Escondidos em suas casas ou refugiados nas florestas, os membros das Cristandades Crioulas Lusófonas celebravam como podiam os actos de culto. Sem padres e sem igrejas, organizaram-se em irmandades clandestinas que, ao fim de décadas, produziram fenómenos de cristalização cultural, de natureza religiosa - e linguística – que impediriam, por séculos, a sua plena integração nas paróquias católicas criadas posteriormente. Tais irmandades permaneceram até aos nossos dias e conservam determinadas prerrogativas que limitam a autoridade dos párocos, o que é visível em algumas celebrações onde os padres se limitam à Eucaristia e à Confissão dos fiéis porque, em tudo o mais, quem manda é a Irmandade. 

À medida que a dominação holandesa foi sendo substituída pela inglesa, as Comunidades Crioulas Lusófonas do Oriente foram ficando menos oprimidas e, em alguns casos, foram as próprias autoridades coloniais britânicas a tomar a iniciativa de lhes facultar padres portugueses.

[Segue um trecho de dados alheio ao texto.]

lemma artin_rel_word_inv_append:
  "w \<in> lists (V \<times> UNIV) \<Longrightarrow> (word_inv w @ w, []) \<in> artin_rel V E m"
proof (induction w)
  case Nil
  then show ?case by (simp add: word_inv_def artin_rel.refl)
next
  case (Cons x w)
  obtain v b where x: "x = (v, b)" by (cases x)
  have v: "v \<in> V" using Cons.prems x by auto
  have "(word_inv w @ [(v, \<not> b), (v, \<not> \<not> b)] @ w, word_inv w @ [] @ w) \<in> artin_rel V E m"
    by (rule artin_rel.cong[OF artin_rel.cancel[OF v]])
  moreover have "word_inv (x # w) @ x # w = word_inv w @ [(v, \<not> b), (v, \<not> \<not> b)] @ w"
    by (simp add: word_inv_def x)
  ultimately show ?case using Cons artin_rel.trans by fastforce
qed

lemma group_artin_group: "group (artin_group V E m)"
proof (rule groupI)
  let ?G = "artin_group V E m"
  have carrier_obtain: "\<exists>a \<in> lists (V \<times> UNIV). x = artin_class V E m a" if "x \<in> carrier ?G" for x
    using that by (auto simp: artin_group_def)
  show "x \<otimes>\<^bsub>?G\<^esub> y \<in> carrier ?G" if x: "x \<in> carrier ?G" and y: "y \<in> carrier ?G" for x y
  proof -
    obtain a b where "a \<in> lists (V \<times> UNIV)" "b \<in> lists (V \<times> UNIV)"
      and "x = artin_class V E m a" "y = artin_class V E m b"
      using carrier_obtain[OF x] carrier_obtain[OF y] by blast
    then show ?thesis by (simp add: artin_class_mult artin_class_in_carrier)
  qed
  show "\<one>\<^bsub>?G\<^esub> \<in> carrier ?G"
    by (simp add: artin_group_one artin_class_in_carrier)
  show "x \<otimes>\<^bsub>?G\<^esub> y \<otimes>\<^bsub>?G\<^esub> z = x \<otimes>\<^bsub>?G\<^esub> (y \<otimes>\<^bsub>?G\<^esub> z)"
    if "x \<in> carrier ?G" "y \<in> carrier ?G" "z \<in> carrier ?G" for x y z
    using carrier_obtain[OF that(1)] carrier_obtain[OF that(2)] carrier_obtain[OF that(3)]
    by (auto simp: artin_class_mult)
  show "\<one>\<^bsub>?G\<^esub> \<otimes>\<^bsub>?G\<^esub> x = x" if "x \<in> carrier ?G" for x
    using carrier_obtain[OF that] by (auto simp: artin_group_one artin_class_mult)
  show "\<exists>y \<in> carrier ?G. y \<otimes>\<^bsub>?G\<^esub> x = \<one>\<^bsub>?G\<^esub>" if x: "x \<in> carrier ?G" for x
  proof -
    obtain a where a: "a \<in> lists (V \<times> UNIV)" "x = artin_class V E m a"
      using carrier_obtain[OF x] by blast
    have "artin_class V E m (word_inv a) \<otimes>\<^bsub>?G\<^esub> x = \<one>\<^bsub>?G\<^esub>"
      using a artin_class_eq[OF artin_rel_word_inv_append[OF a(1)]]
      by (simp add: artin_class_mult artin_group_one)
    with artin_class_in_carrier[OF word_inv_in_lists[OF a(1)]] show ?thesis by blast
  qed
qed

lemma inv_artin_gen:
  assumes "v \<in> V"
  shows "inv\<^bsub>artin_group V E m\<^esub> (artin_gen V E m v) = artin_class V E m [(v, True)]"
proof -
  interpret group "artin_group V E m" by (rule group_artin_group)
  have "artin_class V E m [(v, True)] \<otimes>\<^bsub>artin_group V E m\<^esub> artin_gen V E m v
      = \<one>\<^bsub>artin_group V E m\<^esub>"
    using artin_class_eq[OF artin_rel_word_inv_append[of "[(v, False)]" V E m]] assms
    by (simp add: artin_gen_def artin_class_mult artin_group_one word_inv_def)
  moreover have "artin_class V E m [(v, True)] \<in> carrier (artin_group V E m)"
    using assms by (simp add: artin_class_in_carrier)
  ultimately show ?thesis using inv_equality artin_gen_in_carrier[OF assms] by blast
qed
lemma berge_strong_prod:
  assumes n: "2 \<le> n"
    and trivially_perfect: "\<And>i. i < n \<Longrightarrow> trivially_perfect (V i) (E i)"
    and complete: "\<And>i x y. 2 \<le> i \<Longrightarrow> i < n \<Longrightarrow> x \<in> V i \<Longrightarrow> y \<in> V i \<Longrightarrow> (E i)\<^sup>=\<^sup>= x y"
  shows "berge (strong_prod_vert n V) (strong_prod_adj n E)"
proof -
  let ?V = "strong_prod_vert n V" and ?E = "strong_prod_adj n E"
  define S where "S i f g \<longleftrightarrow> (E i)\<^sup>=\<^sup>= (f i) (g i)" for i f g
  have coord: "f i \<in> V i" if "f \<in> ?V" "i < n" for f i
    using that unfolding strong_prod_vert_def by auto
  have chord: "S i a c \<or> S i b d"
    if "i < n" "a \<in> ?V" "b \<in> ?V" "c \<in> ?V" "d \<in> ?V" "?E a b" "?E b c" "?E c d" for i a b c d
    using trivially_perfect[OF that(1)] coord[OF _ that(1)] that(2-5)
      strong_prod_adj_reflclp[OF that(6,1)] strong_prod_adj_reflclp[OF that(7,1)]
      strong_prod_adj_reflclp[OF that(8,1)]
    unfolding trivially_perfect_def S_def by blast
  have nonadj: "\<not> S 0 f g \<or> \<not> S 1 f g" if fg: "f \<in> ?V" "g \<in> ?V" "f \<noteq> g" "\<not> ?E f g" for f g
  proof -
    obtain i where "i < n" "\<not> (E i)\<^sup>=\<^sup>= (f i) (g i)"
      using fg(3,4) unfolding strong_prod_adj_def by auto
    moreover from this have "i < 2"
      using complete coord fg(1,2) by (meson not_less)
    ultimately show ?thesis
      unfolding S_def by (auto simp: less_2_cases_iff)
  qed
  have "0 < n" "1 < n"
    using n by simp_all
  have chord_0: "S 0 a c \<or> S 0 b d"
    if "a \<in> ?V" "b \<in> ?V" "c \<in> ?V" "d \<in> ?V" "?E a b" "?E b c" "?E c d" for a b c d
    using chord[OF \<open>0 < n\<close> that] .
  have chord_1: "S 1 a c \<or> S 1 b d"
    if "a \<in> ?V" "b \<in> ?V" "c \<in> ?V" "d \<in> ?V" "?E a b" "?E b c" "?E c d" for a b c d
    using chord[OF \<open>1 < n\<close> that] .
  show ?thesis
    unfolding berge_def
  proof (intro allI impI conjI)
    fix k :: nat assume k: "odd k \<and> 5 \<le> k"
    show "\<not> has_induced_cycle ?V ?E k"
      using no_odd_hole[where S = "S 0" and T = "S 1", OF nonadj chord_0 chord_1] k by blast
    show "\<not> has_induced_cycle ?V (compl_adj ?E) k"
      using no_antihole[where S = "S 0" and T = "S 1", OF nonadj chord_0 chord_1] k by blast
  qed
qed

lemma enh_adj_sym: "enh_adj G x y \<longleftrightarrow> enh_adj G y x"
  unfolding enh_adj_def by (auto simp: insert_commute)

context group
begin

lemma generate_singleton_subset:
  assumes "x \<in> generate G {y}" "y \<in> carrier G"
  shows "generate G {x} \<subseteq> generate G {y}"
  using assms generate_subgroup_incl generate_is_subgroup by simp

Perdida a confiança que a Santa Sé depositara desde o Século XV em Sua Majestade Fidelíssima o Rei de Portugal, após o corte das relações diplomáticas por iniciativa do Governo liberal em 1833 e a extinção das ordens religiosas por decreto de 31 de Maio de 1834, o Padroado Português do Oriente sofreu um golpe mortal. Na Índia, no Ceilão - hoje Sri-Lanka -, no Sudeste Asiático, na China e na Oceania. Permanecendo - os que podiam - nas suas missões, os missionários do Padroado não seriam substituídos pelos seus confrades. O clero secular de Goa, numeroso e bem preparado, acorria em socorro das Cristandades Crioulas Lusófonas do Oriente que iam ficando sem religiosos. Quase sempre em vão. Os missionários da Propaganda Fidae e das Missions Étrangères de Paris já as ocupavam e os respectivos vigários apostólicos impediam-lhes o exercício do seu múnus. A expansão missionária francesa no Oriente começara ainda no século XVII.

As Cristandades Crioulas Lusófonas do Oriente, gente simples e temente a Deus, mantidas na ignorância dos conflitos entre Portugal e a Santa Sé, lutaram anos sem fim contra as novas autoridades eclesiásticas com quem conflituavam abertamente e às quais consideravam estrangeiras. Durante décadas pagaram por isso o elevado preço de lhes serem recusados os sacramentos a que só esporadicamente tinham acesso quando aportava um navio com um sacerdote, ainda que espanhol. Clamaram sempre pelo envio de clero. De Portugal, de Goa ou de Macau. Em vão.

A firme identidade das Cristandades Crioulas Lusófonas do Oriente, ainda hoje, evita o casamento dos seus membros com indivídos exteriores a elas e prefere que os futuros cônjuges provenham do seu seio ou de outras cristandades, ainda que distantes. Quando assim não acontece e o casamento une um membro seu a alguém que a ela não pertence, a regra é a conversão deste à religião católica e a aprendizagem da língua crioula.

Algumas dessas comunidades desfrutam de um status ou imagem social positivo nos países onde vivem. Outras, porém, são socialmente desqualificadas e os seus membros são depreciativamente designados por “negros”, apesar da sua côr mais clara - da pele, do cabelo e dos olhos - relativamente aos naturais com outras origens étnicas. 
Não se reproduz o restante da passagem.